▸ What needs to be done:
Count lines with "metis" below; give only the number.

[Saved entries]
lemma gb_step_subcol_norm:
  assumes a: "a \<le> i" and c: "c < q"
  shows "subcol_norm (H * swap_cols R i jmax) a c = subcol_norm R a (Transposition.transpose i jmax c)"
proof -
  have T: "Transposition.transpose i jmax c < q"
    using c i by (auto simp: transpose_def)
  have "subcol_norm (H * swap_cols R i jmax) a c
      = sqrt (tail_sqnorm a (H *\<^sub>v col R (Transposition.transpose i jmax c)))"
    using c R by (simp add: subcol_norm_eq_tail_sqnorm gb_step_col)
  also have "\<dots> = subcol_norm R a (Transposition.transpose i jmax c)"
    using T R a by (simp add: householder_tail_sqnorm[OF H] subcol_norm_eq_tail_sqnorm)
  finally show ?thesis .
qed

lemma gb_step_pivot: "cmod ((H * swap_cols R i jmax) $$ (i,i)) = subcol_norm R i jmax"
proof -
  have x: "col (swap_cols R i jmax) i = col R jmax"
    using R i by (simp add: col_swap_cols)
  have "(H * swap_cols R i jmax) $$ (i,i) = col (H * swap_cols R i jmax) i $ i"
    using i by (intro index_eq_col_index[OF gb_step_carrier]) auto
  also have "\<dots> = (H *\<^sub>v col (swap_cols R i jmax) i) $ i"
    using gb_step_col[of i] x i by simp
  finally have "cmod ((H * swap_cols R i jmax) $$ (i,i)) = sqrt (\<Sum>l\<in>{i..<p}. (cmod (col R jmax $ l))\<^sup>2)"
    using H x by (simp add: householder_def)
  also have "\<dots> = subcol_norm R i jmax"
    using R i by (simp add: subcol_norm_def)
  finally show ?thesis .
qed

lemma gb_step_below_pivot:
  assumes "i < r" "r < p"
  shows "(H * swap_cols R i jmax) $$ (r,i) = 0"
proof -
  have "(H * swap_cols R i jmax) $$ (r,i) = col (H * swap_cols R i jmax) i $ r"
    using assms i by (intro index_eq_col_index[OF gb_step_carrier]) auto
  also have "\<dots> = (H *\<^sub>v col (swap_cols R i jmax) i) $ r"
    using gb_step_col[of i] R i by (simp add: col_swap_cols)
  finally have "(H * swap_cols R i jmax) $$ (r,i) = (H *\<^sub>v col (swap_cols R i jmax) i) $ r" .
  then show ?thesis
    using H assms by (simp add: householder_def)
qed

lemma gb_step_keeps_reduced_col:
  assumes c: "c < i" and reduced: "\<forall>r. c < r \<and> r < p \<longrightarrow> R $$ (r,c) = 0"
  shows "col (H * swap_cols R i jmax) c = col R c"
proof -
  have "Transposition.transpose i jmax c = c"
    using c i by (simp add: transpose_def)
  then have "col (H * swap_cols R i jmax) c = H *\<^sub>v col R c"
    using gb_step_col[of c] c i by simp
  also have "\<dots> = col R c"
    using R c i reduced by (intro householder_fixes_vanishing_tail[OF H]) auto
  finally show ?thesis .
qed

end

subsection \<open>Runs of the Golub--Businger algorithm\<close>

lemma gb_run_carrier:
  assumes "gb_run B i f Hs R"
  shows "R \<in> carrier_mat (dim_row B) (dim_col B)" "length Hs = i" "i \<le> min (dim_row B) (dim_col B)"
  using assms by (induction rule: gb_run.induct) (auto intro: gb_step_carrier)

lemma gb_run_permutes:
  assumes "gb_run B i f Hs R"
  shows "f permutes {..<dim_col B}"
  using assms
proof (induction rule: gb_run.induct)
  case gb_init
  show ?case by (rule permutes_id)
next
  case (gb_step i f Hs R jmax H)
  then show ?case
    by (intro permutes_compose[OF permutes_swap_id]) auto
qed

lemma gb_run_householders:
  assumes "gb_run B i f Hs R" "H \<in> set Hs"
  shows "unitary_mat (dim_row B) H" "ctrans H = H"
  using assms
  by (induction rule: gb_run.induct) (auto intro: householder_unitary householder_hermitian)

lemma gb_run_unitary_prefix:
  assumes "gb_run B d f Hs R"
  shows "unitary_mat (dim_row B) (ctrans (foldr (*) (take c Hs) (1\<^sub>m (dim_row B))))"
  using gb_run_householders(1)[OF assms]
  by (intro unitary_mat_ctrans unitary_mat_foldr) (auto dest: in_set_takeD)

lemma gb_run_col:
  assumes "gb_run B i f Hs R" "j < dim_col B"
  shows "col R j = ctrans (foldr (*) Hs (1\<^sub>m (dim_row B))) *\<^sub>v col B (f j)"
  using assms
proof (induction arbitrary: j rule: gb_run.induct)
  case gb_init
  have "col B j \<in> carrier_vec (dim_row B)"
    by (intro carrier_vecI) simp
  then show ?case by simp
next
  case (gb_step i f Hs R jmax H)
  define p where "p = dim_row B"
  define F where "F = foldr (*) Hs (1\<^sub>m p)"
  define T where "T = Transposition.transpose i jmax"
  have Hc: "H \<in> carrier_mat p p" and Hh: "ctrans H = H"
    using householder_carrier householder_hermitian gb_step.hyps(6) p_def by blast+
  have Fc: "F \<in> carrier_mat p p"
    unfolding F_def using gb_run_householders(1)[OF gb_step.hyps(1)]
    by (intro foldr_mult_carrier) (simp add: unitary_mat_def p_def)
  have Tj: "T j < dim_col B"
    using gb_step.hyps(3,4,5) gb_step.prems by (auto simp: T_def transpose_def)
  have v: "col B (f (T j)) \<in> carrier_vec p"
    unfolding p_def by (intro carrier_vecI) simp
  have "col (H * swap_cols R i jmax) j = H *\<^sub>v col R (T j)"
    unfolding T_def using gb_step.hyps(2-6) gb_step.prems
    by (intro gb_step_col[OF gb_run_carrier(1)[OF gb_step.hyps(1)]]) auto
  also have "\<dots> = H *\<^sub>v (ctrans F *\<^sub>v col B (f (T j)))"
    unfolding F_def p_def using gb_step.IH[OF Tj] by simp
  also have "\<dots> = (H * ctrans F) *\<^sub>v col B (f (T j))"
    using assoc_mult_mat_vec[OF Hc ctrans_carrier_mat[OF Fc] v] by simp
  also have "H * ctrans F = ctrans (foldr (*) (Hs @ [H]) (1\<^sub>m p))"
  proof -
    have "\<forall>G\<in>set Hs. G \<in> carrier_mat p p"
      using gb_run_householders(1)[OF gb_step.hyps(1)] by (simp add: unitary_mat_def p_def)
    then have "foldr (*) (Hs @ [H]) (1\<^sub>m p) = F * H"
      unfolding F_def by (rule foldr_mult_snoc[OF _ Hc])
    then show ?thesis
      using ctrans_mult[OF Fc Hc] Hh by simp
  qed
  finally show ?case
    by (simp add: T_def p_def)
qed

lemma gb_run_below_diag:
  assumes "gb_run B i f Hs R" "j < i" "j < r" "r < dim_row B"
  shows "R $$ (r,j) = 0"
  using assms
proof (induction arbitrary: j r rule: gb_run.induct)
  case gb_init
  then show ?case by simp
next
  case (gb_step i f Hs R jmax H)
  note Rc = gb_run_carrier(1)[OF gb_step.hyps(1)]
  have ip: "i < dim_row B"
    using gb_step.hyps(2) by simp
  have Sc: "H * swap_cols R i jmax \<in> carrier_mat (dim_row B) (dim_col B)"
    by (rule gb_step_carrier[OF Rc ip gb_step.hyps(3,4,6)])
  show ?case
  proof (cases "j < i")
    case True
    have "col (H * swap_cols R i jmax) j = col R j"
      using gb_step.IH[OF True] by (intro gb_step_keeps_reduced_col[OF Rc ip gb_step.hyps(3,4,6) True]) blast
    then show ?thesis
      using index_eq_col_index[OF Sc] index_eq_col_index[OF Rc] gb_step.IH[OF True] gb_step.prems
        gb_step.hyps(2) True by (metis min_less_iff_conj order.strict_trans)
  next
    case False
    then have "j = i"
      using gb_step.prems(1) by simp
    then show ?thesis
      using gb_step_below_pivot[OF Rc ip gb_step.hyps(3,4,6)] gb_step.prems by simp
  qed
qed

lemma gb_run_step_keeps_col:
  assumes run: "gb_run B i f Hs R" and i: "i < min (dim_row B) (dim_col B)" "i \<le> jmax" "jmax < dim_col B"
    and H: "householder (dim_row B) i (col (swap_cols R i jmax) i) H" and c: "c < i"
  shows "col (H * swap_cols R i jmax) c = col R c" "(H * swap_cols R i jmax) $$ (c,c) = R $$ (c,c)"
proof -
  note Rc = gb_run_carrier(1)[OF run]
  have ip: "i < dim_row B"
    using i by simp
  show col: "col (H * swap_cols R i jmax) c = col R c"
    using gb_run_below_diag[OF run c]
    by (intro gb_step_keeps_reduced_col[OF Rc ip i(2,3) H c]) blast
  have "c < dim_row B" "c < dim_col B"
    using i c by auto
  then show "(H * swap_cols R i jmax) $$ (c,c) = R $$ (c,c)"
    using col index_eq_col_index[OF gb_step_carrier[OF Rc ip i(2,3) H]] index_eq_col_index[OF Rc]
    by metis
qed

▸ Solution for this problem:
2